[Vm-dev] Powerful JIT optimization

Wed Nov 6 23:27:29 UTC 2013

On Wed, Nov 6, 2013 at 7:56 AM, Florin Mateoc <florin.mateoc at gmail.com>wrote:

>
>  On 11/6/2013 4:25 AM, Frank Shearar wrote:
>
>
>
> On 06 Nov 2013, at 4:03, Florin Mateoc <florin.mateoc at gmail.com> wrote:
>
>    On 11/5/2013 6:30 PM, Eliot Miranda wrote:
>
>
>
>
>
>
> On Mon, Nov 4, 2013 at 8:42 PM, Florin Mateoc <florin.mateoc at gmail.com>wrote:
>
>>
>>  On 11/4/2013 9:05 PM, Eliot Miranda wrote:
>>
>>
>>
>> Hi Florin,
>>
>> On Mon, Nov 4, 2013 at 12:30 PM, Florin Mateoc <florin.mateoc at gmail.com>wrote:
>>
>>>
>>>  On 11/4/2013 3:07 PM, Eliot Miranda wrote:
>>>
>>> Hi Florin,
>>>
>>> On Mon, Nov 4, 2013 at 7:09 AM, Florin Mateoc <florin.mateoc at gmail.com>wrote:
>>>
>>>>
>>>> Hi Eliot,
>>>>
>>>> I am not sure if this is the right moment to bring this up, when you
>>>> are so busy with the new garbage collector, but,
>>>> since you were also talking about powerful new optimizations and this
>>>> seems a very good one... I was toying with the
>>>> idea before, but I did not have the right formulation for it - I was
>>>> thinking of doing it on the image side, at the AST
>>>> level and then communicating somehow with the VM (this aspect becomes
>>>> moot if the JIT code is generated from Smalltalk),
>>>> but now I stumbled upon it on the web and I think it would be better
>>>> done inside the JIT. In Rémi Forax' formulation:
>>>>
>>>> "On thing that trace based JIT has shown is that a loop or function are
>>>> valid optimization entry points. So like you can
>>>> have an inlining cache for function at callsite, you should have a kind
>>>> of inlining cache at the start of a loop."
>>>>
>>>> This was in the context of a blog entry by Cliff Click:
>>>>
>>>> http://www.azulsystems.com/blog/cliff/2011-04-04-fixing-the-inlining-problem
>>>> The comments also contain other useful suggestions.
>>>>
>>>> And, the loop inlining cache could also specialize not just on the
>>>> receiver block, but also on the types of the
>>>> arguments (this is true for methods as well, but, in the absence of
>>>> profiling information, loops are more likely to be
>>>> "hot", plus we can easily detect nested loops which reinforce the
>>>> "hotness")
>>>>
>>>
>>>  AFAICT this is subsumed under adaptive optimization/speculative
>>> inlining.  i.e. this is one of the potential optimizations in an adaptive
>>> optimizing VM.  Further, I also believe that by for the best place to do
>>> this kind of thing is indeed in the image, and to do it at the
>>> bytecode-to-bytecode level.  But I've said this many times before and don't
>>> want to waste cycles waffling again.
>>>
>>>  thanks.
>>> e.
>>>
>>>  Regards,
>>>> Florin
>>>>
>>>
>>> --
>>> best,
>>> Eliot
>>>
>>> This is a bit like saying that we don't need garbage collection because
>>> we can do liveness/escape analysis in the image.

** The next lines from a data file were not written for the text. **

(* Let $P$ be a tree poset of height $k$, let $q\geq k$ and $\ell$ be positive integers and $\varepsilon>0$. Then there exists $\gamma=\gamma(\varepsilon,q,\ell)>0$ such that, for $n$ sufficiently large, the following holds for every $v\in P$ and every poset homomorphism $\mathrm{r}:P\to[q]$. Let $\mathcal{F}\subseteq\widetilde{\mathcal{B}}_n$ be an $\ell$-gapped family with $\mu(\mathcal{F})\geq q-1+\varepsilon$, and let $\Gamma$ be a $(\frac{\gamma}{2},\ell,\mathcal{F})$-bounded family. Then there is $F\in\mathcal{F}$ such that the number of injective induced homomorphisms $\varphi:P\to\mathcal{F}$ with $\varphi(P)\notin\Gamma$ and $\varphi(v)=F$ is at least $$\left(\frac{\gamma}{2}\right)^{|P|-1}\prod_{xy\in H(P)}n^{\ell|\mathrm{r}(y)-\mathrm{r}(x)|}.$$
   Context: $\widetilde{\mathcal{B}}_n=\{F\subseteq[n]: |\,|F|-n/2\,|<2\sqrt{n\ln n}\}$. A tree poset is a finite poset whose Hasse diagram is a tree; height is the largest number of elements in a chain; $|P|$ is the number of elements. $H(P)$ is the directed Hasse diagram: an edge $xy$ from $x$ to $y$ when $x<_P y$ and no $z$ satisfies $x<_P z<_P y$. Here $[q]$ carries the reverse of the natural order, so a poset homomorphism $\mathrm{r}:P\to[q]$ means $x<_P y\Rightarrow \mathrm{r}(x)>\mathrm{r}(y)$. An injective induced homomorphism $\varphi:P\to\mathcal{F}$ is an injective map with $\varphi(x)\subsetneq\varphi(y)$ iff $x<_P y$; $\varphi(P)$ is its image. $\mu(\mathcal{F})=\sum_{F\in\mathcal{F}}1/\binom{n}{|F|}$. $\mathcal{F}$ is $\ell$-gapped if $|G\setminus F|\ge\ell$ whenever $F,G\in\mathcal{F}$ and $F\subsetneq G$. For an $\ell$-gapped $\mathcal{F}$, a collection $\Gamma\subseteq2^{\mathcal{F}}$ is $(\gamma,\ell,\mathcal{F})$-bounded if (1) $\{F\}\notin\Gamma$ for every $F\in\mathcal{F}$, and (2) for every $\mathcal{D}\notin\Gamma$, the number of $F\in\mathcal{F}$ with $\{F\}\cup\mathcal{D}\in\Gamma$ is less than $\gamma n^{\ell}$. *)

theory Defs
  imports Complex_Main "HOL-Library.FuncSet"
begin

definition strict_poset :: "nat set \<Rightarrow> (nat \<Rightarrow> nat \<Rightarrow> bool) \<Rightarrow> bool" where
  "strict_poset V lt \<longleftrightarrow> finite V \<and>
     (\<forall>x\<in>V. \<not> lt x x) \<and>
     (\<forall>x\<in>V. \<forall>y\<in>V. \<forall>z\<in>V. lt x y \<and> lt y z \<longrightarrow> lt x z)"

definition hasse_edge :: "nat set \<Rightarrow> (nat \<Rightarrow> nat \<Rightarrow> bool) \<Rightarrow> nat \<Rightarrow> nat \<Rightarrow> bool" where
  "hasse_edge V lt x y \<longleftrightarrow> x \<in> V \<and> y \<in> V \<and> lt x y \<and> \<not> (\<exists>z\<in>V. lt x z \<and> lt z y)"

definition hasse_diagram :: "nat set \<Rightarrow> (nat \<Rightarrow> nat \<Rightarrow> bool) \<Rightarrow> (nat \<times> nat) set" where
  "hasse_diagram V lt = {(x, y). hasse_edge V lt x y}"

definition hasse_adj :: "nat set \<Rightarrow> (nat \<Rightarrow> nat \<Rightarrow> bool) \<Rightarrow> nat \<Rightarrow> nat \<Rightarrow> bool" where
  "hasse_adj V lt x y \<longleftrightarrow> hasse_edge V lt x y \<or> hasse_edge V lt y x"

definition graph_connected :: "nat set \<Rightarrow> (nat \<Rightarrow> nat \<Rightarrow> bool) \<Rightarrow> bool" where
  "graph_connected V adj \<longleftrightarrow>
     (\<forall>x\<in>V. \<forall>y\<in>V. (\<lambda>a b. a \<in> V \<and> b \<in> V \<and> adj a b)\<^sup>*\<^sup>* x y)"

definition graph_has_cycle :: "nat set \<Rightarrow> (nat \<Rightarrow> nat \<Rightarrow> bool) \<Rightarrow> bool" where
  "graph_has_cycle V adj \<longleftrightarrow>
     (\<exists>cs. length cs \<ge> 3 \<and> distinct cs \<and> set cs \<subseteq> V \<and>
        (\<forall>i < length cs - 1. adj (cs ! i) (cs ! Suc i)) \<and> adj (last cs) (hd cs))"

definition tree_poset :: "nat set \<Rightarrow> (nat \<Rightarrow> nat \<Rightarrow> bool) \<Rightarrow> bool" where
  "tree_poset V lt \<longleftrightarrow> strict_poset V lt \<and> V \<noteq> {} \<and>
     graph_connected V (hasse_adj V lt) \<and> \<not> graph_has_cycle V (hasse_adj V lt)"

definition is_chain :: "nat set \<Rightarrow> (nat \<Rightarrow> nat \<Rightarrow> bool) \<Rightarrow> nat set \<Rightarrow> bool" where
  "is_chain V lt C \<longleftrightarrow> C \<subseteq> V \<and> (\<forall>x\<in>C. \<forall>y\<in>C. x = y \<or> lt x y \<or> lt y x)"

definition poset_height :: "nat set \<Rightarrow> (nat \<Rightarrow> nat \<Rightarrow> bool) \<Rightarrow> nat" where
  "poset_height V lt = Max {card C | C. is_chain V lt C}"

text \<open>Homomorphism into [q] = {1..q} carrying the reverse of the natural order.\<close>
definition rev_hom :: "nat set \<Rightarrow> (nat \<Rightarrow> nat \<Rightarrow> bool) \<Rightarrow> nat \<Rightarrow> (nat \<Rightarrow> nat) \<Rightarrow> bool" where
  "rev_hom V lt q r \<longleftrightarrow> (\<forall>x\<in>V. r x \<in> {1..q}) \<and>
     (\<forall>x\<in>V. \<forall>y\<in>V. lt x y \<longrightarrow> r x > r y)"

definition middle_layers :: "nat \<Rightarrow> nat set set" where
  "middle_layers n = {F. F \<subseteq> {1..n} \<and>
      \<bar>real (card F) - real n / 2\<bar> < 2 * sqrt (real n * ln (real n))}"

definition lubell_mass :: "nat \<Rightarrow> nat set set \<Rightarrow> real" where
  "lubell_mass n \<F> = (\<Sum>F\<in>\<F>. 1 / real (n choose card F))"

definition gapped :: "nat \<Rightarrow> nat set set \<Rightarrow> bool" where
  "gapped l \<F> \<longleftrightarrow> (\<forall>F\<in>\<F>. \<forall>G\<in>\<F>. F \<subset> G \<longrightarrow> card (G - F) \<ge> l)"

definition bounded_collection :: "nat \<Rightarrow> real \<Rightarrow> nat \<Rightarrow> nat set set \<Rightarrow> nat set set set \<Rightarrow> bool" where
  "bounded_collection n \<gamma> l \<F> \<Gamma> \<longleftrightarrow> \<Gamma> \<subseteq> Pow \<F> \<and>
     (\<forall>F\<in>\<F>. {F} \<notin> \<Gamma>) \<and>
     (\<forall>D. D \<subseteq> \<F> \<and> D \<notin> \<Gamma> \<longrightarrow>
        real (card {F\<in>\<F>. insert F D \<in> \<Gamma>}) < \<gamma> * real n ^ l)"

definition inj_induced_homs :: "nat set \<Rightarrow> (nat \<Rightarrow> nat \<Rightarrow> bool) \<Rightarrow> nat set set \<Rightarrow> (nat \<Rightarrow> nat set) set" where
  "inj_induced_homs V lt \<F> = {\<phi> \<in> V \<rightarrow>\<^sub>E \<F>. inj_on \<phi> V \<and>
     (\<forall>x\<in>V. \<forall>y\<in>V. \<phi> x \<subset> \<phi> y \<longleftrightarrow> lt x y)}"

end

theory Submission
  imports Defs "HOL-Combinatorics.Multiset_Permutations" "HOL-Combinatorics.Transposition"
begin

section \<open>Permutations with prescribed prefixes\<close>

lemma nth_in_set_take_iff:
  assumes "distinct xs" "p < length xs"
  shows "xs ! p \<in> set (take k xs) \<longleftrightarrow> p < k"
proof
  assume "xs ! p \<in> set (take k xs)"
  then obtain p' where "p' < min k (length xs)" "xs ! p' = xs ! p"
    by (auto simp: in_set_conv_nth)
  then show "p < k" using assms nth_eq_iff_index_eq by fastforce
qed (use assms in \<open>auto simp: in_set_conv_nth intro: exI[of _ p]\<close>)

lemma permutation_length:
  "\<sigma> \<in> permutations_of_set {1..n} \<Longrightarrow> length \<sigma> = n"
  using length_finite_permutations_of_set by fastforce

lemma card_set_take_permutation:
  assumes "\<sigma> \<in> permutations_of_set {1..n}" "k \<le> n"
  shows "card (set (take k \<sigma>)) = k"
  using assms permutation_length[OF assms(1)]
  by (simp add: permutations_of_set_def distinct_card)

I think there is a place
>>> for both sides
>>>
>>
>>  No it's not.  If you read my design sketch on bytecode-to-bytecode
>> adaptive optimisation you'll understand that it's not.  It's simply that
>> one can do bytecode-to-bytecode adaptive optimisation in the image, and
>> that that's a better place to do adaptive optimisation than in the VM.  But
>> again I've gone into this many times before on the mailing list and I don't
>> want to get into it again.
>>
>>
>> Can't compiler technology (coupled with type inference) also be applied,
>> in the image, to stack allocation/pretenuring/automatic pool allocation...
>> to simplify the garbage collector and potentially obviating the need for a
>> performant one in the vm?
>>
>
>  I doubt it.  It already is used to e.g. create clean blocks.  This
> certainly isn't enough of a win to be able to live with a poor GC.
>
>
>>  If it can, why doesn't the same argument apply?
>>
>
>  It can't so the argument doesn't apply.
>
>
>> And why did you implement inline caches in the VM if they were better
>> done in the image?
>>
>
>  Because they're not better-done in the image.  In fact, adaptive
> optimization is heavily dependent on online caches.  That's where it gets
> its type information form.
>
>  This doesn't feel like a productive conversation.
>
>
>
> Indeed.
> The garbage collector example was an afterthought and even a bit
> facetious, sorry about that. But the initial point still stands. It is the
> same kind of optimization like inline caches, not a different kind of
> adaptive optimization that is facilitated by them. If it is worth doing
> inline caches for method calls, it is worth doing them for block
> evaluations in loops as well.
>
>
>  In other words you see block invocations as (possibly only nearly)
> identical to message sends?
>
>  frank
>
>
> Well, yes. I think there are two aspects to consider: one is just the
> message send #value and its cousins. Here classes as types (for the
> receiver) are useless. More properly would be to consider as the type of
> the block, the block itself. In many cases there is a limited number of
> blocks that propagate to a specific call site. Now this does not work for
> loops, where, inside the implementation of #do:, the #value: invocation
> would be megamorphic. But fortunately for us, we know that #do: and its
> iterator cousins are usually called with a literal block, so the code that
> needs to be executed (within the block) does not need to be looked up. At
> those sites, instead of caching the #do: implementation, which in itself is
> uninteresting, we can cache a cloned #do: implementation with a bound
> #value: call. This avoids both the megamorphic call as well as the inlining
> of the block body (which is what I think Eliot was objecting to as not the
> right kind of optimization at the VM level)
>

I'm not objecting to doing this kind of optimization at the VM level in
principle, only in my own work.   What you;re talkign about (block
inlining, or control-path splitting, with intent to eliminate block
activation overhead, or apply other strenght-reducing optimization) is
indeed something that adaptive optimizers do at the VM level, and that
tracing VMs do at the VM level.  But personally I *don't* want to do these
kinds of optimizations at the VM level.  I ant to do them at the
bytecode-to-bytecode level, where, I believe, they can be done equally well.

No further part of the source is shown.